Neural Machine Translation

Pytorch implementation of Neural Machine Translation with seq2seq and attention (en-zh) (英汉翻译)

This repo reaches 10.44 BLEU score in my test dataset.(Use multi-bleu.perl).

Introduction

The goal of machine translation is to maximize p(y|x). Due to the infinite space of language, directly estimating this conditional probability is impossible. Thus neural networks, which are good at fitting complex functions, are introduced into machine translation.

Sutskever et. al 2014 proposed a model consisting of encoder and decoder, named seq2seq. Once proposed, it set off a tornado in NMT. A number of follow-up work began (e.g. Cho et. al). One of the most famous work is the attention mechanism (Bahdanau et. al 2014).

In this repo, I implemented the seq2seq model with attention in PyTorch for en-zh translation.

Requirements

python 3.6

PyTorch>=0.4
torchtext
nltk
jieba
subword-nmt

Usage

First, run

./preprocess.sh

to tokenize and do BPE.

Then run nmt.ipynb for training and testing.

Lastly, BLEU score is calculated by

perl multi-bleu.perl references.txt < predictions.txt

Pretrained model can be found here. (passwd:ukvh)

Data

neu2017 from CWMT corpus 2017

2 million parallel sentences (enzh)

98% of data is for training, the other for validating and testing.

Preprocessing

tokenizer
- zh: jieba
- en: nltk.word_tokenizer
BPE: subword-nmt (For the parameter num_operations, I choose 32000.)

It is worth mentioning that BPE reduced the vocabulary significantly, from 50000+ to 32115.

Besides, <sos> and <eos> symbols are conventionally prepended to each sentences. OOV is represented with <unk>.

One problem in my training is that the vocabulary of Chinese is so large that I only took those the top 50k most frequent, which results in many <unk> in my training dataset. Too many <unk> in many training dataset has bad influence in my model when training. My model prefers to predict <unk> as well. So I just ignore <unk> when predicting.

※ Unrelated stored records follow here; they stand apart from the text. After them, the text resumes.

(* Let $\mathbf A\in\mathcal S_{++}^n$. For any $\tau>0$ and any $(\mathbf W_0,\mathbf M_0)\in\mathcal D$, there exists a unique solution $(\mathbf W(t),\mathbf M(t))$, $t\in[0,\infty)$, of the ODE $(\ast)$ with initial condition $(\mathbf W_0,\mathbf M_0)$.
   Context: Let $n>k\ge1$ be integers. $\mathcal S_{++}^m$ denotes the $m\times m$ symmetric positive definite matrices; $\mathbf A\in\mathcal S_{++}^n$, and $\mathcal D:=\mathbb R^{k\times n}\times\mathcal S_{++}^k$. For a parameter $\tau>0$, consider the ODE $(\ast)$ on $\mathcal D$: $$\tfrac12\tfrac{d\mathbf W}{dt}=\mathbf M^{-1}\mathbf W\mathbf A-\mathbf W,\qquad \tau\tfrac{d\mathbf M}{dt}=\mathbf M^{-1}\mathbf W\mathbf A\mathbf W^\top\mathbf M^{-1}-\mathbf M.$$ A solution is a continuously differentiable map $t\mapsto(\mathbf W(t),\mathbf M(t))$ from $[0,\infty)$ into $\mathcal D$ satisfying $(\ast)$; in particular, $\mathbf M(t)$ stays positive definite. *)

theory Defs
  imports "HOL-Analysis.Analysis"
begin

definition sym_posdef :: "real^'m^'m \<Rightarrow> bool" where
  "sym_posdef A \<longleftrightarrow> transpose A = A \<and> (\<forall>x. x \<noteq> 0 \<longrightarrow> x \<bullet> (A *v x) > 0)"

definition is_solution ::
  "real \<Rightarrow> real^'n^'n \<Rightarrow> real^'n^'k \<Rightarrow> real^'k^'k
    \<Rightarrow> (real \<Rightarrow> real^'n^'k) \<Rightarrow> (real \<Rightarrow> real^'k^'k) \<Rightarrow> bool" where
  "is_solution \<tau> A W0 M0 W M \<longleftrightarrow>
     W 0 = W0 \<and> M 0 = M0 \<and>
     (\<forall>t\<ge>0. sym_posdef (M t)) \<and>
     (\<exists>W' M'.
        continuous_on {0..} W' \<and> continuous_on {0..} M' \<and>
        (\<forall>t\<ge>0. (W has_vector_derivative W' t) (at t within {0..}) \<and>
                 (M has_vector_derivative M' t) (at t within {0..}) \<and>
                 (1/2) *\<^sub>R W' t = matrix_inv (M t) ** W t ** A - W t \<and>
                 \<tau> *\<^sub>R M' t = matrix_inv (M t) ** W t ** A ** transpose (W t) ** matrix_inv (M t) - M t))"

end

theory Submission
  imports Defs
begin

text \<open>
  Along a solution, \<open>\<tau> (v\<^sup>T M v)' = v\<^sup>T M\<^sup>-\<^sup>1 W A W\<^sup>T M\<^sup>-\<^sup>1 v - v\<^sup>T M v \<ge> - v\<^sup>T M v\<close>, so \<open>M(t) \<ge> e\<^sup>-\<^sup>t\<^sup>/\<^sup>\<tau> M(0)\<close>
  stays uniformly positive definite on bounded time intervals. This bounds \<open>M\<^sup>-\<^sup>1\<close>, hence
  \<open>|W|\<close> grows at most exponentially and \<open>|M|\<^sup>2\<close> at most linearly (Gronwall). On the region cut
  out by these bounds, enlarged by a margin, the vector field is Lipschitz; composing it with the
  projection onto this closed convex region gives a globally Lipschitz field, whose Picard solution
  cannot leave the region because the a priori bounds hold strictly inside it. So it solves the
  original system on \<open>[0, T]\<close>, uniqueness follows from Gronwall's inequality on the region, and
  the solutions for growing \<open>T\<close> fit together into the global one.
\<close>

section \<open>The Frobenius norm of matrices\<close>

lemma norm_vec_sq: "norm (x::real^'n) ^ 2 = (\<Sum>i\<in>UNIV. (x$i)^2)"
  by (simp add: norm_vec_def L2_set_def sum_nonneg)

lemma norm_matrix_sq: "norm (A::real^'n^'m) ^ 2 = (\<Sum>i\<in>UNIV. norm (A$i) ^ 2)"
  by (simp add: norm_vec_def L2_set_def sum_nonneg)

lemma norm_matrix_vector_mult_le: "norm ((A::real^'n^'m) *v x) \<le> norm A * norm x"
proof -
  have "norm (A *v x) ^ 2 = (\<Sum>i\<in>UNIV. (A$i \<bullet> x)^2)"
    by (simp add: norm_vec_sq matrix_vector_mul_component)
  also have "\<dots> \<le> (\<Sum>i\<in>UNIV. (norm (A$i) * norm x)^2)"
    by (intro sum_mono) (simp add: abs_le_square_iff[symmetric] abs_mult Cauchy_Schwarz_ineq2)
  also have "\<dots> = (norm A * norm x)^2"
    by (simp add: norm_matrix_sq power_mult_distrib sum_distrib_right)
  finally show ?thesis
    by (rule power2_le_imp_le) simp
qed

lemma norm_transpose: "norm (transpose (A::real^'n^'m)) = norm A"
proof -
  have "norm (transpose A) ^ 2 = norm A ^ 2"
    unfolding norm_matrix_sq norm_vec_sq transpose_def by (simp, rule sum.swap)
  thus ?thesis by (simp add: power2_eq_iff_nonneg)
qed

lemma norm_matrix_mult_le: "norm ((A::real^'n^'m) ** (B::real^'p^'n)) \<le> norm A * norm B"
proof -
  have row: "(A ** B) $ i = transpose B *v (A $ i)" for i
    by (simp add: matrix_matrix_mult_def matrix_vector_mult_def transpose_def vec_eq_iff mult.commute)
  have "norm (A ** B) ^ 2 = (\<Sum>i\<in>UNIV. norm (transpose B *v (A $ i)) ^ 2)"
    by (simp add: norm_matrix_sq row)
  also have "\<dots> \<le> (\<Sum>i\<in>UNIV. (norm B * norm (A$i)) ^ 2)"
    using norm_matrix_vector_mult_le[of "transpose B"]
    unfolding norm_transpose by (intro sum_mono power_mono) auto
  also have "\<dots> = norm B ^ 2 * (\<Sum>i\<in>UNIV. norm (A$i) ^ 2)"
    by (simp add: power_mult_distrib sum_distrib_left)
  also have "\<dots> = (norm A * norm B)^2"
    by (simp add: norm_matrix_sq[of A, symmetric] power_mult_distrib)
  finally show ?thesis
    by (rule power2_le_imp_le) simp
qed

lemma quadratic_form_abs_le: "\<bar>v \<bullet> ((M::real^'n^'n) *v v)\<bar> \<le> norm M * norm v ^ 2"
proof -
  have "\<bar>v \<bullet> (M *v v)\<bar> \<le> norm v * norm (M *v v)" by (rule Cauchy_Schwarz_ineq2)
  also have "\<dots> \<le> norm v * (norm M * norm v)"
    by (intro mult_left_mono norm_matrix_vector_mult_le) auto
  finally show ?thesis by (simp add: power2_eq_square ac_simps)
qed

lemma norm_sandwich_le:
  fixes P :: "real^'k^'k" and W :: "real^'n^'k" and A :: "real^'n^'n"
  shows "norm (P ** W ** A ** transpose W ** P) \<le> norm P ^ 2 * norm W ^ 2 * norm A"
proof -
  have "norm (P ** W ** A ** transpose W ** P) \<le> norm P * norm W * norm A * norm (transpose W) * norm P"
    by (meson norm_matrix_mult_le mult_right_mono norm_ge_zero order_trans)
  thus ?thesis by (simp add: norm_transpose power2_eq_square ac_simps)
qed

lemma matrix_diff_ldistrib: "(A::'a::ring_1^'n^'m) ** (B - C) = A ** B - A ** C"
  by (simp add: matrix_matrix_mult_def vec_eq_iff sum_subtractf[symmetric] right_diff_distrib)

lemma matrix_diff_rdistrib: "((B::'a::ring_1^'n^'m) - C) ** A = B ** A - C ** A"
  by (simp add: matrix_matrix_mult_def vec_eq_iff sum_subtractf[symmetric] left_diff_distrib)

lemma transpose_add: "transpose (A + B) = transpose A + transpose (B::real^'n^'m)"
  by (simp add: transpose_def vec_eq_iff)

lemma transpose_diff: "transpose (A - B) = transpose A - transpose (B::real^'n^'m)"
  by (simp add: transpose_def vec_eq_iff)

lemma bounded_linear_transpose: "bounded_linear (transpose :: real^'n^'m \<Rightarrow> real^'m^'n)"
  by (simp add: linear_conv_bounded_linear[symmetric] linearI transpose_add transpose_scalar)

Model Architecture (seq2seq)

Similar to Luong et. al 2015.

embeddings: glove (en)& word2vec (zh) (both 300-dim)
encoder: 4-layer Bi-GRU (hidden-size 1000-dim)
decoder: 4-layer GRU with attention (hidden-size 1000-dim)
attention: bilinear global attention

According to Chung, J. et. al 2014, GRU can reach similar performance as LSTM. So I chose GRU.

Training details

Hypter-Params:

optim: Adam
lr: 1e-4
no L2 regularization (Since there is no obvious overfitting)
dropout: 0.3
clip gradient norm: 0.5
warm-up: fix embeddings before 1 epoch

validation loss: (The periodic bulge is because I reset optimizer every epoch. It is not necessary.)

Perplexity reaches 5.5 in validation dataset.

Trained 231K steps, nearly 4 epochs

I found that training is a bit slow. However, some parameters including attention parameters can not be tuned well with larger learning rate.

Beam Search

According to wikipedia, beam search is BFS with width constraints.

Google's GNMT paper gave two refinements to the beam search algorithm: a coverage penalty and length normalization. The coverage penalty formula they proposed is so empirical that I just use length normalization. But I found that this method did not perform very well. I got 9.23 BLEU which is less than 10.44 which normal beam search algorithm reached.